Pull every line containing "cases" out of the listing below.

= Task inputs =
= = = =

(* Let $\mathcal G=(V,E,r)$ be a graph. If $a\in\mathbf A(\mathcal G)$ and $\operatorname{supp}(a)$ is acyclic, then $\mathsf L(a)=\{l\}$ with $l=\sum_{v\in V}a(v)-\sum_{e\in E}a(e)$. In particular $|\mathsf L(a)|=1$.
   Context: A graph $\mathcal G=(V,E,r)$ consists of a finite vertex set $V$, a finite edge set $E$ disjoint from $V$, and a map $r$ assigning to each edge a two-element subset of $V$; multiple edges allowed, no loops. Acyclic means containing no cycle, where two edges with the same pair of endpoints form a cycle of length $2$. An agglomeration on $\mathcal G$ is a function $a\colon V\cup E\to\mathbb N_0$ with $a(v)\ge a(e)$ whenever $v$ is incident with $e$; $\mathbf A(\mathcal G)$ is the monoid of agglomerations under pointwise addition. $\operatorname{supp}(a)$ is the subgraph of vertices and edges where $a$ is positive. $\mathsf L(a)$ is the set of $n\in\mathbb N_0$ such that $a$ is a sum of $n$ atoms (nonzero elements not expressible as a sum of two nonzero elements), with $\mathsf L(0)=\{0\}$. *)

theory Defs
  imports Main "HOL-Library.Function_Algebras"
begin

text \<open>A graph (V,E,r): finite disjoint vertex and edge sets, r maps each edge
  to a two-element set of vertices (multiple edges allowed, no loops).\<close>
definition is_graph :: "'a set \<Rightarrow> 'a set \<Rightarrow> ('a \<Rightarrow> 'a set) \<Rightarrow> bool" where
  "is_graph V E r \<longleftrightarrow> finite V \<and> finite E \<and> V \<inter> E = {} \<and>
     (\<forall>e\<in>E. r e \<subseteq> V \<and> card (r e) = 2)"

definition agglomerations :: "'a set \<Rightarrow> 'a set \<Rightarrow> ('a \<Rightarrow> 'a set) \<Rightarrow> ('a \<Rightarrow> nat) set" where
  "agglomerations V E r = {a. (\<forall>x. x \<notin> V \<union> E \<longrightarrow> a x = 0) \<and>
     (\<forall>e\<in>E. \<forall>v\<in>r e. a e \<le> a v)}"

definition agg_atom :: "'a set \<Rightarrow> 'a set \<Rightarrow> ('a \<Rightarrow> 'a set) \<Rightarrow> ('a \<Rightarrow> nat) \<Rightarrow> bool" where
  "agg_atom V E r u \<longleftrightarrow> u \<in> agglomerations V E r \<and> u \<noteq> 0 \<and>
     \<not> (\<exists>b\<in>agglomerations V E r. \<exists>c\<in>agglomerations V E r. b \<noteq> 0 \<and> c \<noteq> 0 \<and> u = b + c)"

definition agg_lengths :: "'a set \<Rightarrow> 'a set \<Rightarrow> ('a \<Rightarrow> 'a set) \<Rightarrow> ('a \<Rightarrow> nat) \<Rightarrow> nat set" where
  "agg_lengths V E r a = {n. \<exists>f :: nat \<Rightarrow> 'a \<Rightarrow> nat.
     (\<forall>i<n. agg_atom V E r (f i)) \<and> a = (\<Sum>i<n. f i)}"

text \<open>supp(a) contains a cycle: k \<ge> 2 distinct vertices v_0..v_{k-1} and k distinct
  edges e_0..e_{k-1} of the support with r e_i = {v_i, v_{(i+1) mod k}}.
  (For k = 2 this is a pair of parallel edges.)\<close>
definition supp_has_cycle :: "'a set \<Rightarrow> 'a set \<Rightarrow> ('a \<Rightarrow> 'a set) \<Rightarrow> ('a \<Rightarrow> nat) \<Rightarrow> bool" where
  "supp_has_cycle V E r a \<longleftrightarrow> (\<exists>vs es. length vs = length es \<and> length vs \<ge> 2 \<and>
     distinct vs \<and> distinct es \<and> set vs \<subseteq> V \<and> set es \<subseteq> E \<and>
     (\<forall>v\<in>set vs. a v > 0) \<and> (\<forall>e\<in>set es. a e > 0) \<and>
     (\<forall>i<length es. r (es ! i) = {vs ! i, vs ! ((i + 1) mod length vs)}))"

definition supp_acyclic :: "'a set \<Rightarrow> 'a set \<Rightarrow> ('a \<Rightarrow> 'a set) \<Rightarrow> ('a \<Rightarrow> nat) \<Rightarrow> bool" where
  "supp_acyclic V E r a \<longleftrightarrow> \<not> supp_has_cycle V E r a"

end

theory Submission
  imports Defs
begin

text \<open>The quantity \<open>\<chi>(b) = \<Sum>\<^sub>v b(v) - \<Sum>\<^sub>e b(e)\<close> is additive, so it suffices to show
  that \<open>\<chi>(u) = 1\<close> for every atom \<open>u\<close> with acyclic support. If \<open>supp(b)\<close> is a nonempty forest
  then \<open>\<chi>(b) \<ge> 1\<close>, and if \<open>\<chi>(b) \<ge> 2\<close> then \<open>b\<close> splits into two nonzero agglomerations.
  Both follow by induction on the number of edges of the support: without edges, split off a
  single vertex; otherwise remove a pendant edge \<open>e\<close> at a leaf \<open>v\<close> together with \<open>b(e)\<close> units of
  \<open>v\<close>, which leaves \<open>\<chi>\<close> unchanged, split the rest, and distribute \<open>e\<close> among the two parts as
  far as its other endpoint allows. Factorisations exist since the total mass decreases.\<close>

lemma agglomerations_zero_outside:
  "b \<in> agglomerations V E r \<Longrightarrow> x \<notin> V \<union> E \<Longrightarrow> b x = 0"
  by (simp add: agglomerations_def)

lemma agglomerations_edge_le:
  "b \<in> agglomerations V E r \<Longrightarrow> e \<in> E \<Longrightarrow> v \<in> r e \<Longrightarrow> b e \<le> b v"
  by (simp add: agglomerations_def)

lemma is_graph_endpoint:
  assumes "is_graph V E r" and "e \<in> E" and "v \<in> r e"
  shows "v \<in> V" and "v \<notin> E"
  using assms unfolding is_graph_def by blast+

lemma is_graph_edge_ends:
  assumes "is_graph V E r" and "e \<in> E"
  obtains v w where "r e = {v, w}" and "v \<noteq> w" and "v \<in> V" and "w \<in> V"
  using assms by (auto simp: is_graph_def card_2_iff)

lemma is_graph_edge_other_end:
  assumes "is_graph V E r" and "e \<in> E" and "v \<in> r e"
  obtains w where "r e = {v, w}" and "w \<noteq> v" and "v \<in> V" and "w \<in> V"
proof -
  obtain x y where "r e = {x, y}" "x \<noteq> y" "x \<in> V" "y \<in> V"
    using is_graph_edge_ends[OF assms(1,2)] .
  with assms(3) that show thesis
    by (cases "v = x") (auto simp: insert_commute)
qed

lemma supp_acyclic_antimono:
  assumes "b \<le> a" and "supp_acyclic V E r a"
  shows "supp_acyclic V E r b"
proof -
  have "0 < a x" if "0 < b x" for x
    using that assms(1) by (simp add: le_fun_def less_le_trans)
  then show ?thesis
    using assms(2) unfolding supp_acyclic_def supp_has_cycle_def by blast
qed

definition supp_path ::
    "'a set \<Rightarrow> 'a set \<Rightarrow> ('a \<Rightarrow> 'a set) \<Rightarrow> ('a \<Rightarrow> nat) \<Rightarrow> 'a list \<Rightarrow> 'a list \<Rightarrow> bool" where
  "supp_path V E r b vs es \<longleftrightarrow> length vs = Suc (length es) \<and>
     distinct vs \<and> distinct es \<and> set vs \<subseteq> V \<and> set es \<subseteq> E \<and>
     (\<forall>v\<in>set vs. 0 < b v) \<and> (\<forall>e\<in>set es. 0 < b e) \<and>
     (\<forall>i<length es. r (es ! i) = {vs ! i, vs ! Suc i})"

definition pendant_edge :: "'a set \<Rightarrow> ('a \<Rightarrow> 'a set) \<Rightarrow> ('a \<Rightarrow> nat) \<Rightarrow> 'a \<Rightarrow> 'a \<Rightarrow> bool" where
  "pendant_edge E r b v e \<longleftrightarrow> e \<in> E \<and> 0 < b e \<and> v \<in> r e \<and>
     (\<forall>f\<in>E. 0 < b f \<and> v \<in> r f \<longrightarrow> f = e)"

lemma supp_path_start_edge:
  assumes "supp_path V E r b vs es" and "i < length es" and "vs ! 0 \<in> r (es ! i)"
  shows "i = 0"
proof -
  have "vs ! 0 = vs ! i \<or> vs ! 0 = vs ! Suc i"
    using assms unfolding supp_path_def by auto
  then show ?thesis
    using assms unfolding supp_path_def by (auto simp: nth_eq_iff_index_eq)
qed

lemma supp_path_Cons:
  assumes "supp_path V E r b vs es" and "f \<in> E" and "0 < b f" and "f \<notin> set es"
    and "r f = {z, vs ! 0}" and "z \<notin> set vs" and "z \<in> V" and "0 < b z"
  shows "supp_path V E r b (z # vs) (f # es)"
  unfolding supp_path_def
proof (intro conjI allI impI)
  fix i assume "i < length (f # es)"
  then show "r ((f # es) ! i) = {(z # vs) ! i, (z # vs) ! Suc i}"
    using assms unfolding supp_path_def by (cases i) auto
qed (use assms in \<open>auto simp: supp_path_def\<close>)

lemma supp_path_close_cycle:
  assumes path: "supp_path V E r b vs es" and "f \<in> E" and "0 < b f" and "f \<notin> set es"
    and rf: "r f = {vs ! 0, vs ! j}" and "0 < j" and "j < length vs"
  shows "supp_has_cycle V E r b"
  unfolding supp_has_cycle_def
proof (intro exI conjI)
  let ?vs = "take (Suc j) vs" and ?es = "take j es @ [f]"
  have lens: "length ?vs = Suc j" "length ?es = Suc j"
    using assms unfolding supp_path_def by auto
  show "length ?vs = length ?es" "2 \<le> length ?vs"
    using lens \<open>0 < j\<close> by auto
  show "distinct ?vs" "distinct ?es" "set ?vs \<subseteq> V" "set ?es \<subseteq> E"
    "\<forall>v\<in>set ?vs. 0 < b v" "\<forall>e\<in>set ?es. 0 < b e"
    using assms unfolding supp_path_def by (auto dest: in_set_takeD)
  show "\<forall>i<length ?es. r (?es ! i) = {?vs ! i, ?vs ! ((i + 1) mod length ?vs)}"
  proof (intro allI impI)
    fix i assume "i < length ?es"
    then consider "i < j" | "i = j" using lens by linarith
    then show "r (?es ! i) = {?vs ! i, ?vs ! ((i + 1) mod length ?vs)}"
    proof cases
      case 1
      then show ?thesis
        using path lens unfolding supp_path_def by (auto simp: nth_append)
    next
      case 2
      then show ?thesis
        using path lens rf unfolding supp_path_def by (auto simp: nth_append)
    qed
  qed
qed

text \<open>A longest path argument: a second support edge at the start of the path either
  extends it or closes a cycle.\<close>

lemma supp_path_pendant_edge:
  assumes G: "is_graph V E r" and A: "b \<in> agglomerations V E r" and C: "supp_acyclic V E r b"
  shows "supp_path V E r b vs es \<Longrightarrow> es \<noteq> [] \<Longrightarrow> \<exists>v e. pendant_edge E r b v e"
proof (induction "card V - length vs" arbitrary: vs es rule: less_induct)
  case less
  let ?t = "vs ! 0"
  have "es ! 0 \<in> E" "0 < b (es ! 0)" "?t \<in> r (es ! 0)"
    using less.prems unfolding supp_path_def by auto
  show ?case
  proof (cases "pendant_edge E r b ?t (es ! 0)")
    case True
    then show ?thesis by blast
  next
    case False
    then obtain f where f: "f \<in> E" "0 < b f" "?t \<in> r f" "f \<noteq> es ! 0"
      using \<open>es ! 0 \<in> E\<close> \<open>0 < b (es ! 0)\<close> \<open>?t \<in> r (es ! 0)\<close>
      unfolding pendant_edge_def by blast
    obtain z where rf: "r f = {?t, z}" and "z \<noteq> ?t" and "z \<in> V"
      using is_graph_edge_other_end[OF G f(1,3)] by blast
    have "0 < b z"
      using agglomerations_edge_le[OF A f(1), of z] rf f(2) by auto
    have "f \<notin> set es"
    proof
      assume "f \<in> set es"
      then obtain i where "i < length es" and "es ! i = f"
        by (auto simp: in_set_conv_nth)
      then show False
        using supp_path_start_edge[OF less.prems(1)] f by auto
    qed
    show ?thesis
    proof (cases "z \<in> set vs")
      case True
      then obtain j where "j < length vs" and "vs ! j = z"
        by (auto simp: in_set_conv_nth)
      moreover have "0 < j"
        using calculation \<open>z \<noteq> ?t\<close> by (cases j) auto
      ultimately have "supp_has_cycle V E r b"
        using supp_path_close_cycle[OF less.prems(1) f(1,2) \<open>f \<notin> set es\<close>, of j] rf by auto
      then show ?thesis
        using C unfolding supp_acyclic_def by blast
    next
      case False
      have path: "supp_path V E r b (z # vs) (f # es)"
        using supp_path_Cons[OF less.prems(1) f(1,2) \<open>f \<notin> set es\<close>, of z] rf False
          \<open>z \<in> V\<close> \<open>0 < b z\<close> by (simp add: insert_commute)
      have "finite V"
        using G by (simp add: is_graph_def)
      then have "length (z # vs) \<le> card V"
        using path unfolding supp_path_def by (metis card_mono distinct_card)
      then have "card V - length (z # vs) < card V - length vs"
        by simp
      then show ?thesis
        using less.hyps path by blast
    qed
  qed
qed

= = = =

= Written reply =
    by (cases "v = x") (auto simp: insert_commute)
    using assms unfolding supp_path_def by (cases i) auto
    proof cases
  proof (cases "pendant_edge E r b ?t (es ! 0)")
    proof (cases "z \<in> set vs")
        using calculation \<open>z \<noteq> ?t\<close> by (cases j) auto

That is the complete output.